The company initially alerted state and federal authorities in a Jan. 10 letter to LDEQ and EPA, issuing a “Condition Critical Notice” in compliance with the consent decree.
Buttressing the slope, against the bottom portion of the levee, is expected to act as a counterweight to that uplift. Workers were spotted Wednesday on the north slope, working on that buttress.
An initial Mosaic statement to news media said that the company had taken action in “connection with slow lateral movement of a side slope on the site’s active phosphogypsum stack. No environmental impacts have occurred as a result of this geological event.”
Asked why the wall started to move, Neslund told us a “shear plane” — essentially, uneven soil caused by compression — had been identified about 95 feet below the natural ground.
“Our focus now is stabilizing the slope,” she said. “Once the slope is stabilized, we will shift our focus to determining a root cause.”
LDEQ indicated it too would look further into causes after the situation at the pile has stabilized.
“We feel like the weight of the water is an issue,” Langley said. “The company is in agreement and they’re moving the water to other areas on the site. It is a lot of water and it takes a while.”

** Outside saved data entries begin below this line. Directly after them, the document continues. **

lemma torus_coloring_in_torus_colorings:
  assumes p: "p > 0" and n: "n > 0" and y: "y \<in> Zn n" and t: "n dvd int p * t"
  shows "torus_coloring p n y t \<in> torus_colorings p n y"
proof -
  let ?x = "torus_coloring p n y t"
  have x_cong: "[?x i = y + (int i - 1) * t] (mod n)" if "1 \<le> i" "i \<le> p + 1" for i
    using that by (intro cong_torus_coloring) simp
  have pt: "[int p * t = 0] (mod n)" using t by (simp add: cong_0_iff)
  have "?x i = dih_op n (?x (i + 2)) (?x (i + 1))" if "i \<in> {1..p-1}" for i
  proof (rule Zn_eq_if_cong)
    have "[?x i = y + (int i - 1) * t] (mod n)" using that by (intro x_cong) auto
    also have "y + (int i - 1) * t = 2 * (y + (int (i + 1) - 1) * t) - (y + (int (i + 2) - 1) * t)"
      by (simp add: algebra_simps)
    also have "[\<dots> = 2 * ?x (i + 1) - ?x (i + 2)] (mod n)"
      using that by (intro cong_diff cong_mult cong_refl cong_sym[OF x_cong]) auto
    also have "[2 * ?x (i + 1) - ?x (i + 2) = dih_op n (?x (i + 2)) (?x (i + 1))] (mod n)"
      by (rule cong_sym[OF cong_dih_op])
    finally show "[?x i = dih_op n (?x (i + 2)) (?x (i + 1))] (mod n)" .
  qed (use that n in \<open>simp_all add: torus_coloring_in_Zn dih_op_in_Zn\<close>)
  moreover have "?x p = dih_op n (?x 2) (?x (p + 1))"
  proof (rule Zn_eq_if_cong)
    have "[?x p = y + (int p - 1) * t + 0] (mod n)" using p by (simp add: x_cong)
    also have "[y + (int p - 1) * t + 0 = y + (int p - 1) * t + int p * t] (mod n)"
      by (intro cong_add cong_refl cong_sym[OF pt])
    also have "y + (int p - 1) * t + int p * t = 2 * (y + (int (p + 1) - 1) * t) - (y + (int 2 - 1) * t)"
      by (simp add: algebra_simps)
    also have "[\<dots> = 2 * ?x (p + 1) - ?x 2] (mod n)"
      using p by (intro cong_diff cong_mult cong_refl cong_sym[OF x_cong]) auto
    also have "[2 * ?x (p + 1) - ?x 2 = dih_op n (?x 2) (?x (p + 1))] (mod n)"
      by (rule cong_sym[OF cong_dih_op])
    finally show "[?x p = dih_op n (?x 2) (?x (p + 1))] (mod n)" .
  qed (use p n in \<open>simp_all add: torus_coloring_in_Zn dih_op_in_Zn\<close>)
  moreover have "?x (p + 1) = y"
  proof (rule Zn_eq_if_cong)
    have "[?x (p + 1) = y + int p * t] (mod n)" using x_cong[of "p + 1"] by simp
    also have "[y + int p * t = y + 0] (mod n)" by (intro cong_add cong_refl pt)
    finally show "[?x (p + 1) = y] (mod n)" by simp
  qed (simp_all add: n y torus_coloring_in_Zn)
  moreover have "?x 1 = y" using y by (simp add: torus_coloring_def Zn_def)
  ultimately show ?thesis
    using n by (simp add: torus_colorings_def torus_coloring_in_Zn) (simp add: torus_coloring_def)
qed

lemma torus_colorings_progressionD:
  assumes n: "n > 0" and x: "x \<in> torus_colorings p n y"
  shows "x = torus_coloring p n y (x 2 - y)" and "n dvd int p * (x 2 - y)"
proof -
  have x_Zn: "\<And>i. i \<in> {1..p+1} \<Longrightarrow> x i \<in> Zn n"
    and x_out: "\<And>i. i \<notin> {1..p+1} \<Longrightarrow> x i = 0"
    and x_rel: "\<And>i. i \<in> {1..p-1} \<Longrightarrow> x i = dih_op n (x (i + 2)) (x (i + 1))"
    and x_1: "x 1 = y" and x_p1: "x (p + 1) = y"
    using x by (auto simp: torus_colorings_def)
  have "[x (k + 1) + x (k + 3) = 2 * x (k + 2)] (mod n)" if "k + 2 \<le> p" for k
    using x_rel[of "k + 1"] that cong_dih_op[of n "x (k + 3)" "x (k + 2)"]
    by (simp add: numeral_3_eq_3 cong_iff_dvd_diff algebra_simps)
  then have progression: "[x (k + 1) = y + int k * (x 2 - y)] (mod n)" if "k \<le> p" for k
    using arith_progression_cong[of p "\<lambda>k. x (k + 1)" n k] that x_1
    by (simp add: numeral_3_eq_3 numeral_2_eq_2 add.commute)
  show "x = torus_coloring p n y (x 2 - y)"
  proof
    fix i
    show "x i = torus_coloring p n y (x 2 - y) i"
    proof (cases "i \<in> {1..p+1}")
      case True
      have "[x i = y + (int i - 1) * (x 2 - y)] (mod n)"
        using True progression[of "i - 1"] by auto
      also have "[y + (int i - 1) * (x 2 - y) = torus_coloring p n y (x 2 - y) i] (mod n)"
        by (rule cong_sym[OF cong_torus_coloring[OF True]])
      finally show ?thesis
        by (rule Zn_eq_if_cong[OF x_Zn[OF True] torus_coloring_in_Zn[OF n]])
    qed (simp add: x_out torus_coloring_def del: atLeastAtMost_iff)
  qed
  have "[y = y + int p * (x 2 - y)] (mod n)"
    using progression[of p] x_p1 by simp
  then show "n dvd int p * (x 2 - y)"
    by (simp add: cong_iff_dvd_diff)
qed

lemma torus_colorings_eq_image:
  assumes "p > 0" "n > 0" "y \<in> Zn n"
  shows "torus_colorings p n y = torus_coloring p n y ` {t \<in> {0..<n}. n dvd int p * t}"
proof
  show "torus_colorings p n y \<subseteq> torus_coloring p n y ` {t \<in> {0..<n}. n dvd int p * t}"
  proof
    fix x assume x: "x \<in> torus_colorings p n y"
    let ?t = "(x 2 - y) mod n"
    have "torus_coloring p n y (x 2 - y) = torus_coloring p n y ?t"
      by (simp add: torus_coloring_eq_iff[OF assms(1)] cong_def)
    then have "x = torus_coloring p n y ?t"
      using torus_colorings_progressionD(1)[OF assms(2) x] by simp
    moreover have "n dvd int p * ?t"
    proof -
      have "[int p * ?t = int p * (x 2 - y)] (mod n)"
        by (intro cong_scalar_left) (simp add: cong_def)
      also have "[int p * (x 2 - y) = 0] (mod n)"
        using torus_colorings_progressionD(2)[OF assms(2) x] by (simp add: cong_0_iff)
      finally show ?thesis by (simp add: cong_0_iff)
    qed
    ultimately show "x \<in> torus_coloring p n y ` {t \<in> {0..<n}. n dvd int p * t}"
      using assms(2) by auto
  qed
qed (use torus_coloring_in_torus_colorings[OF assms] in auto)

lemma card_torus_colorings:
  assumes p: "p > 0" and n: "n > 0" and y: "y \<in> Zn n"
  shows "card (torus_colorings p n y) = nat (gcd (int p) n)"
proof -
  define c d where "c = gcd (int p) n" and "d = n div c"
  have nd: "n = d * c" and d: "d > 0"
    using n by (simp_all add: c_def d_def pos_imp_zdiv_pos_iff zdvd_imp_le)
  have "n dvd int p * t \<longleftrightarrow> [t = 0] (mod d)" for t
    using dvd_mult_iff_div_gcd_dvd[of n "int p" t] n by (simp add: cong_0_iff c_def d_def)
  then have S: "{t \<in> {0..<n}. n dvd int p * t} = {t \<in> {0..<d * c}. [t = 0] (mod d)}"
    by (simp only: nd)
  have "card (torus_colorings p n y) = card {t \<in> {0..<n}. n dvd int p * t}"
    unfolding torus_colorings_eq_image[OF p n y]
    by (rule card_image, rule inj_on_subset[OF inj_on_torus_coloring[OF p]]) auto
  also have "\<dots> = nat c"
    unfolding S by (rule card_cong_atLeastLessThan[OF d])
  finally show ?thesis by (simp add: c_def)
qed

section \<open>Directed joins of complete multigraphs\<close>

lemma dmg_iso_complete_dmgD:
  assumes "dmg_iso G (complete_dmg m k)"
  shows "finite (fst G)" "card (fst G) = m" "\<And>u v. u \<in> fst G \<Longrightarrow> v \<in> fst G \<Longrightarrow> snd G u v = k"
proof -
  obtain f where f: "bij_betw f (fst G) {1..m}"
    and w: "\<forall>u\<in>fst G. \<forall>v\<in>fst G. snd G u v = k"
    using assms by (auto simp: dmg_iso_def complete_dmg_def)
  show "finite (fst G)" using bij_betw_finite[OF f] by simp
  show "card (fst G) = m" using bij_betw_same_card[OF f] by simp
  show "\<And>u v. u \<in> fst G \<Longrightarrow> v \<in> fst G \<Longrightarrow> snd G u v = k" using w by blast
qed

lemma dmg_iso_directed_join_complete:
  assumes V: "finite V" "card V = Suc m" "v\<^sub>0 \<in> V"
    and w_loop: "w v\<^sub>0 v\<^sub>0 = l"
    and w_from_v0: "\<And>v. v \<in> V \<Longrightarrow> v \<noteq> v\<^sub>0 \<Longrightarrow> w v\<^sub>0 v = 0"
    and w_other: "\<And>u v. u \<in> V \<Longrightarrow> v \<in> V \<Longrightarrow> u \<noteq> v\<^sub>0 \<Longrightarrow> w u v = k"
    and G: "dmg_iso G (complete_dmg m k)" and H: "dmg_iso H (complete_dmg 1 l)"
    and disj: "fst G \<inter> fst H = {}"
  shows "dmg_iso (V, w) (directed_join G k H)"
proof -
  obtain h\<^sub>0 where h0: "fst H = {h\<^sub>0}"
    using dmg_iso_complete_dmgD(2)[OF H] by (rule card_1_singletonE)
  have "card (V - {v\<^sub>0}) = card (fst G)"
    using V dmg_iso_complete_dmgD(2)[OF G] by simp
  then obtain \<psi> where \<psi>: "bij_betw \<psi> (V - {v\<^sub>0}) (fst G)"
    using finite_same_card_bij V(1) dmg_iso_complete_dmgD(1)[OF G] by blast
  define \<phi> where "\<phi> = \<psi>(v\<^sub>0 := h\<^sub>0)"
  have "bij_betw \<phi> (V - {v\<^sub>0}) (fst G)"
    using \<psi> by (rule bij_betw_cong[THEN iffD1, rotated]) (simp add: \<phi>_def)
  moreover have "bij_betw \<phi> {v\<^sub>0} {h\<^sub>0}" by (simp add: \<phi>_def bij_betw_def)
  ultimately have "bij_betw \<phi> (V - {v\<^sub>0} \<union> {v\<^sub>0}) (fst G \<union> {h\<^sub>0})"
    using disj h0 by (intro bij_betw_combine) auto
  then have bij: "bij_betw \<phi> V (fst G \<union> fst H)"
    using V(3) h0 by (simp add: insert_absorb)
  have \<phi>_G: "\<phi> v \<in> fst G" if "v \<in> V" "v \<noteq> v\<^sub>0" for v
    using \<psi> that by (auto simp: \<phi>_def bij_betw_def)
  have "w u v = snd (directed_join G k H) (\<phi> u) (\<phi> v)" if "u \<in> V" "v \<in> V" for u v
    using that \<phi>_G[of u] \<phi>_G[of v] disj h0 w_loop w_from_v0 w_other
      dmg_iso_complete_dmgD(3)[OF G] dmg_iso_complete_dmgD(3)[OF H]
    by (cases "u = v\<^sub>0"; cases "v = v\<^sub>0") (auto simp: directed_join_def \<phi>_def)
  with bij show ?thesis
    by (auto simp: dmg_iso_def directed_join_def)
qed

section \<open>The coloring quiver\<close>

lemma dih_affine_torus_coloring:
  assumes n: "n > 0" and i: "i \<in> {1..p+1}"
  shows "dih_affine n y u (torus_coloring p n y s i) = torus_coloring p n y (s * u) i"
proof (rule Zn_eq_if_cong[OF dih_affine_in_Zn[OF n] torus_coloring_in_Zn[OF n]])
  have "[dih_affine n y u (torus_coloring p n y s i) = y + (torus_coloring p n y s i - y) * u] (mod n)"
    by (rule cong_dih_affine[OF torus_coloring_in_Zn[OF n]])
  also have "[y + (torus_coloring p n y s i - y) * u = y + (y + (int i - 1) * s - y) * u] (mod n)"
    by (intro cong_add cong_mult cong_diff cong_refl cong_torus_coloring i)
  also have "y + (y + (int i - 1) * s - y) * u = y + (int i - 1) * (s * u)"
    by (simp add: algebra_simps)
  also have "[\<dots> = torus_coloring p n y (s * u) i] (mod n)"
    by (rule cong_sym[OF cong_torus_coloring[OF i]])
  finally show "[dih_affine n y u (torus_coloring p n y s i) = torus_coloring p n y (s * u) i] (mod n)" .
qed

Mosaic crews are pumping about 10 million to 20 million gallons of water a day out of Stack No. 4 and into other ponds at the Uncle Sam site.
“They’re bringing it down at a rate now to where we expect it will probably, within a week or two… [move] a 100 million gallons off it,” Schweiss said Wednesday.
LDEQ said this particular stack of phosphogypsum was originally built in 1993. It spans about 139 acres, is 30 to 40 feet deep and could hold as much as one billion gallons.
Langley said this manner of storing such a large amount of wastewater is compliant with the 2015 consent decree.
“This is how they — fertilizer manufacturers — do this,” he said. “They have large reservoirs of process water which is cycled back through and they use it again in their process. Normally that results in a net loss of water because they use more in the process… It evaporates, it heats and evaporates. They use more than they emit in the process.”
He said heavy rains recently added to the reservoir and the weight of water pressing down on the earth underneath.
Skaggs, from the Lake Pontchartrain Basin Foundation, said stormwater itself becomes contaminated when it comes in contact with such wastewater.
“You have to further, in some cases, treat that stormwater to get it to a water quality that is sufficient for discharge,” Dr. Skaggs said. “Holding that stormwater or that process water on site and either further treating it or disposing of it. Those are things that usually have a much smaller environmental impact than discharge into surface water.”
But treatment has to happen fairly quickly or more water can build up, Skaggs added, “particularly if there’s significant rainfall like we’ve come to experience in southeast Louisiana.”